A banned horror movie from 2011 is trending on TikTok - here's why
A horror film once banned around the world has found a resurgence through social media platform TikTok.
Megan Is Missing is nearly a decade old, but has recently found fame through the platform after a number of high profile users watched it for the first time.
The film deals with the horrors of social media and internet culture, and its creator has warned first-time viewers not to watch the movie alone in the middle of the night.
Here is everything you need to know about it.
What is Megan is Missing?
Megan Is Missing is a 2011 psychological horror film.
It was written and directed by Michael Goi, who has since gone on to write and direct episodes of American Horror Story and Netflix's Chilling Adventures of Sabrina.
The film – which is shot in a found footage style similar to that of Paranormal Activity or The Blair Witch Project – was highly controversial at the time of its release. It was actually filmed five years prior to its theatrical release, but struggled to find a distributor.
Megan is Missing was banned in New Zealand, where the country’s Office of Film and Literature Classification said the public release of the film would be “injurious to the public good”.
The film was also panned by critics, not just for its poor acting (the majority of the cast were inexperienced or first-time actors), but also for the graphic violence enacted upon its child protagonists, its exploitative nature and the oversexualisation of teenagers.
Is Megan Is Missing a true story?
Despite its horror film trappings, Megan Is Missing was actually marketed as an educational film that could help viewers understand the risks to which children and young adults are exposed online.
It tells the story of the disappearance of Megan Stewart, a popular high school student in North Hollywood who decides to meet up with a boy she has met online.
According to its promotional materials, Megan Is Missing is “assembled from video chats, webcam footage, home videos and news reports,” but while the film was based on a series of real life cases of child abduction, the footage in the film is all scripted and shot using actors.
“I didn’t get to give you the customary warnings that I used to give people before they watched Megan Is Missing," said Goi in his own TikTok response to the film’s reemergence.
"Do not watch the movie in the middle of the night, do not watch the movie alone,” said the director
"If you see the words 'photo number one' pop up on your screen, you have about four seconds to shut off the movie if you’re already kind of freaking out before you start seeing things that maybe you don’t want to see.”
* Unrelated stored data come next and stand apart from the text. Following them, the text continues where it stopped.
(* Let $M$ be a finite-dimensional simple $YQ(1)$-module on which each central element $Z_{2i}$ ($i\ge0$) acts by a scalar $\chi_{2i}$, and set $\chi(u)=\sum_{i\ge0}\chi_{2i}u^{-2i-1}$. Then $\chi(u)$ is a rational function of the form $\frac{a_0u^{-1}+\dots+a_pu^{-2p-1}}{1+c_1u^{-2}+\dots+c_qu^{-2q}}$ for some $p,q\ge0$ and $a_i,c_j\in\mathbb C$ (equality of formal power series in $u^{-1}$).
   Context: $YQ(1)$ is the associative unital superalgebra over $\mathbb C$ generated by $T_{i,j}^{(m)}$, $m\geq1$, $i,j\in\{1,-1\}$, of parity $p(i)+p(j)$ where $p(1)=0$, $p(-1)=1$. With $T_{i,j}(u)=\delta_{ij}+\sum_{m\ge1}T^{(m)}_{i,j}u^{-m}$, the defining relations are, for all $i,j,k,l$: $(u^2-v^2)[T_{i,j}(u),T_{k,l}(v)](-1)^{p(i)p(k)+p(i)p(l)+p(k)p(l)}=(u+v)(T_{k,j}(u)T_{i,l}(v)-T_{k,j}(v)T_{i,l}(u))-(u-v)(T_{-k,j}(u)T_{-i,l}(v)-T_{k,-j}(v)T_{i,-l}(u))(-1)^{p(k)+p(l)}$, and $T_{i,j}(-u)=T_{-i,-j}(u)$ (supercommutators). Set $\eta_i=(-\tfrac12)^i(\operatorname{ad}T^{(2)}_{1,1})^i(T^{(1)}_{1,-1})$ and $Z_{2i}=\frac12[\eta_0,\eta_{2i}]$; the $Z_{2i}$ are central in $YQ(1)$. *)

theory Defs
  imports "HOL-Analysis.Analysis" "HOL-Computational_Algebra.Formal_Power_Series"
begin

definition yq_idx :: "int set" where "yq_idx = {1, -1}"

definition ipar :: "int \<Rightarrow> nat" where "ipar i = (if i = -1 then 1 else 0)"

definition msc :: "complex \<Rightarrow> complex^'n^'n \<Rightarrow> complex^'n^'n" where
  "msc c X = (\<chi> a b. c * X $ a $ b)"

definition scomm :: "nat \<Rightarrow> nat \<Rightarrow> complex^'n^'n \<Rightarrow> complex^'n^'n \<Rightarrow> complex^'n^'n" where
  "scomm d e X Y = (if even (d * e) then X ** Y - Y ** X else X ** Y + Y ** X)"
lemma density_distr_inv_homothety:
  assumes "0 < l"
  shows "density (distr (lborel_vec d) (lborel_vec d) (inv_homothety d c l)) (\<lambda>_. 1 / l ^ d)
    = lborel_vec d"
proof (rule lborel_product.PiM_eqI)
  fix A :: "nat \<Rightarrow> real set"
  assume A: "\<And>i. i \<in> {..<d} \<Longrightarrow> A i \<in> sets lborel"
  have pre: "inv_homothety d c l -` Pi\<^sub>E {..<d} A \<inter> space (lborel_vec d)
      = Pi\<^sub>E {..<d} (\<lambda>i. {y. (y - c i) / l \<in> A i})"
    by (auto simp: inv_homothety_def space_PiM PiE_def Pi_def extensional_def)
  have pre_sets: "{y. (y - c i) / l \<in> A i} \<in> sets lborel" if "i < d" for i
  proof -
    have "A i \<in> sets borel"
      using A that by simp
    then show ?thesis
      by measurable
  qed
  have "emeasure (density (distr (lborel_vec d) (lborel_vec d) (inv_homothety d c l)) (\<lambda>_. 1 / l ^ d))
      (Pi\<^sub>E {..<d} A) = 1 / l ^ d * (\<Prod>i<d. l * emeasure lborel (A i))"
  proof -
    have "emeasure (lborel_vec d) (Pi\<^sub>E {..<d} (\<lambda>i. {y. (y - c i) / l \<in> A i}))
        = (\<Prod>i<d. l * emeasure lborel (A i))"
      using A pre_sets assms
      by (subst lborel_product.emeasure_PiM) (auto intro!: prod.cong emeasure_lborel_inv_homothety)
    then show ?thesis
      using A by (simp add: emeasure_density_const emeasure_distr inv_homothety_measurable pre
          sets_PiM_I_finite)
  qed
  also have "\<dots> = (\<Prod>i<d. emeasure lborel (A i))"
    using assms by (simp add: prod.distrib ennreal_power mult.assoc[symmetric] ennreal_mult[symmetric])
  finally show "emeasure (density (distr (lborel_vec d) (lborel_vec d) (inv_homothety d c l))
      (\<lambda>_. 1 / l ^ d)) (Pi\<^sub>E {..<d} A) = (\<Prod>i\<in>{..<d}. emeasure lborel (A i))"
    by simp
qed simp_all

lemma measure_inv_homothety_vimage:
  assumes "0 < l" "S \<in> sets (lborel_vec d)"
  shows "measure (lborel_vec d) (inv_homothety d c l -` S \<inter> space (lborel_vec d))
    = l ^ d * measure (lborel_vec d) S"
proof -
  have "emeasure (lborel_vec d) S
      = 1 / l ^ d * emeasure (lborel_vec d) (inv_homothety d c l -` S \<inter> space (lborel_vec d))"
    by (subst density_distr_inv_homothety[OF assms(1), symmetric])
      (simp add: assms emeasure_density_const emeasure_distr inv_homothety_measurable)
  then have "emeasure (lborel_vec d) (inv_homothety d c l -` S \<inter> space (lborel_vec d))
      = l ^ d * emeasure (lborel_vec d) S"
    using assms(1) by (simp add: mult.assoc[symmetric] ennreal_mult[symmetric])
  then show ?thesis
    using assms(1) by (simp add: measure_def enn2real_mult)
qed

lemma lerp_inv_homothety:
  assumes "g \<in> space (lborel_vec d)" "p \<in> space (lborel_vec d)" "0 < l"
  shows "lerp l p (inv_homothety d (\<lambda>i. (1 - l) * p i) l g) = g"
proof
  fix i
  show "lerp l p (inv_homothety d (\<lambda>i. (1 - l) * p i) l g) i = g i"
  proof (cases "i < d")
    case True
    then show ?thesis
      using assms(3) by (simp add: inv_homothety_def lerp_def)
  next
    case False
    then have "g i = undefined" "p i = undefined"
      using assms(1,2) by (auto simp: space_PiM PiE_def extensional_def)
    then show ?thesis
      using False by (simp add: inv_homothety_def lerp_def algebra_simps)
  qed
qed

lemma measure_avoiding_homothetic_copy:
  assumes S: "S \<in> fmeasurable (lborel_vec d)" "vec_convex S" and p: "p \<in> S" and l: "0 < l" "l \<le> 1"
    and S': "S' \<in> sets (lborel_vec d)" "S' \<subseteq> S" and avoid: "\<And>y. y \<in> S \<Longrightarrow> lerp l p y \<notin> S'"
  shows "measure (lborel_vec d) S' \<le> (1 - l ^ d) * measure (lborel_vec d) S"
proof -
  define h where "h = inv_homothety d (\<lambda>i. (1 - l) * p i) l"
  define Img where "Img = h -` S \<inter> space (lborel_vec d)"
  have "S \<subseteq> space (lborel_vec d)"
    using S(1) sets.sets_into_space by (auto simp: fmeasurable_def)
  then have Img: "h g \<in> S" "lerp l p (h g) = g" if "g \<in> Img" for g
    using that p l(1) unfolding Img_def h_def by (auto simp: lerp_inv_homothety)
  have Img_sets: "Img \<in> sets (lborel_vec d)"
    unfolding Img_def h_def using S(1) by (auto intro: measurable_sets[OF inv_homothety_measurable])
  have "Img \<subseteq> S"
    using Img S(2) p l unfolding vec_convex_def by (metis less_imp_le subsetI)
  moreover have "g \<notin> Img" if "g \<in> S'" for g
    using Img avoid that by metis
  then have "S' \<subseteq> S - Img"
    using S'(2) by blast
  ultimately have "measure (lborel_vec d) S' \<le> measure (lborel_vec d) (S - Img)"
    using S(1) S'(1) Img_sets by (intro measure_mono_fmeasurable fmeasurable_Diff)
  also have "\<dots> = measure (lborel_vec d) S - measure (lborel_vec d) Img"
    using S(1) Img_sets \<open>Img \<subseteq> S\<close> by (intro measure_Diff) (auto simp: fmeasurable_def)
  also have "measure (lborel_vec d) Img = l ^ d * measure (lborel_vec d) S"
    unfolding Img_def h_def using l(1) S(1) by (simp add: measure_inv_homothety_vimage fmeasurable_def)
  finally show ?thesis
    by (simp add: algebra_simps)
qed
lemma central_torsionD:
  assumes "z \<in> central_torsion G k"
  shows central_torsion_closed: "z \<in> carrier G"
    and central_torsion_commute: "q \<in> carrier G \<Longrightarrow> z \<otimes> q = q \<otimes> z"
    and central_torsion_pow: "z [^] k = \<one>"
  using assms by (auto simp: central_torsion_def)

lemma central_torsion_one: "\<one> \<in> central_torsion G k"
  by (simp add: central_torsion_def)

lemma central_torsion_mult:
  assumes "z \<in> central_torsion G k" "w \<in> central_torsion G k"
  shows "z \<otimes> w \<in> central_torsion G k"
proof -
  note z = central_torsionD[OF assms(1)] and w = central_torsionD[OF assms(2)]
  have "z \<otimes> w \<otimes> q = q \<otimes> (z \<otimes> w)" if q: "q \<in> carrier G" for q
  proof -
    have "z \<otimes> w \<otimes> q = (z \<otimes> q) \<otimes> w"
      using z(1) w(1) q by (simp add: m_assoc w(2)[OF q])
    then show ?thesis using z(1) w(1) q by (simp add: m_assoc z(2)[OF q])
  qed
  moreover have "(z \<otimes> w) [^] k = \<one>"
    using pow_mult_distrib[OF z(2)[OF w(1)] z(1) w(1)] z(3) w(3) by simp
  ultimately show ?thesis using z(1) w(1) by (simp add: central_torsion_def)
qed

lemma central_torsion_inv:
  assumes "z \<in> central_torsion G k"
  shows "inv z \<in> central_torsion G k"
proof -
  note z = central_torsionD[OF assms]
  have "inv z \<otimes> q = q \<otimes> inv z" if q: "q \<in> carrier G" for q
  proof -
    have "inv z \<otimes> q = inv z \<otimes> (z \<otimes> (q \<otimes> inv z))"
      using z(1) q z(2)[of "q \<otimes> inv z"] by (simp add: m_assoc)
    then show ?thesis using z(1) q by simp
  qed
  then show ?thesis using z(1,3) by (simp add: central_torsion_def nat_pow_inv)
qed

lemma central_torsion_pow_dvd:
  assumes "z \<in> central_torsion G k" "k dvd r"
  shows "z [^] r = \<one>"
proof -
  obtain u where "r = k * u" using assms(2) by blast
  then show ?thesis using central_torsionD[OF assms(1)] by (simp add: nat_pow_pow[symmetric])
qed

text \<open>Sorting \<open>(a b)\<^sup>n\<close> into \<open>a\<^sup>n b\<^sup>n\<close> takes \<open>n(n-1)/2\<close> transpositions, each contributing a factor \<open>z\<close>.\<close>

lemma pow_mult_twisted:
  assumes c: "a \<in> carrier G" "b \<in> carrier G" "z \<in> carrier G"
    and zc: "\<And>q. q \<in> carrier G \<Longrightarrow> z \<otimes> q = q \<otimes> z"
    and ba: "b \<otimes> a = z \<otimes> (a \<otimes> b)"
  shows "(a \<otimes> b) [^] (n::nat) = z [^] (n choose 2) \<otimes> (a [^] n \<otimes> b [^] n)"
proof -
  have swap: "b [^] m \<otimes> a = z [^] m \<otimes> (a \<otimes> b [^] m)" for m :: nat
  proof (induction m)
    case 0 then show ?case using c by simp
  next
    case (Suc m)
    have "b [^] Suc m \<otimes> a = b [^] m \<otimes> (z \<otimes> (a \<otimes> b))"
      using c by (simp add: nat_pow_Suc2 m_assoc ba)
    also have "\<dots> = z \<otimes> ((b [^] m \<otimes> a) \<otimes> b)"
      using c zc[of "b [^] m"] by (simp add: m_assoc[symmetric])
    also have "\<dots> = z [^] Suc m \<otimes> (a \<otimes> b [^] Suc m)"
      using c by (simp only: nat_pow_Suc2[OF c(3)]) (simp add: Suc m_assoc)
    finally show ?case .
  qed
  show ?thesis
  proof (induction n)
    case 0 then show ?case using c by simp
  next
    case (Suc n)
    have "(a \<otimes> b) [^] Suc n = z [^] (n choose 2) \<otimes> (a [^] n \<otimes> (b [^] n \<otimes> a) \<otimes> b)"
      using c by (simp add: Suc m_assoc)
    also have "\<dots> = z [^] (n choose 2) \<otimes> (z [^] n \<otimes> (a [^] n \<otimes> a) \<otimes> (b [^] n \<otimes> b))"
      using c group_commutes_pow[OF zc[of "a [^] n"]]
      by (simp add: swap m_assoc[symmetric])
    also have "\<dots> = z [^] (Suc n choose 2) \<otimes> (a [^] Suc n \<otimes> b [^] Suc n)"
      using c by (simp add: nat_pow_mult[symmetric] Suc_choose_two m_assoc)
    finally show ?case .
  qed
qed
Why are TikTok users talking about it?
(Photo: Anchor Bay Films)
It's not entirely clear why the film has begun trending again in recent days.
The raised awareness of the film likely comes in the wake of a number of high-profile TikTok users making posts about their experiences watching the film for the first time.
"I have never been more triggered or traumatised by something in my entire life,” one viewer wrote. “This world is so f***ing disgusting, I can’t stop crying and I feel sick to my stomach. If you haven’t watched it yet, please don’t. It’s horrifying.”
Another user said the film had them “staring at the wall and wanting to delete all my social media accounts and never come back ever again.”
Another poster described the film as “absolutely horrible and repugnant,” and warned viewers not to watch it without reading its Wikipedia page first; “Wouldn’t recommend ever.”
How bad is it?
According to IMDb’s Parents Guide for the film, Megan Is Missing is “extremely intense and hard to watch.”
It features “sex scenes and discussions with actresses playing underage girls”, including a rape scene which “is very intense and drawn out."
"This movie has serious subject matter, and should not be seen by people who are easily upset by films.”
How can I watch Megan Is Missing?
At the time of writing, Megan Is Missing does not appear to be readily available through streaming sites in the UK, and probably with good reason.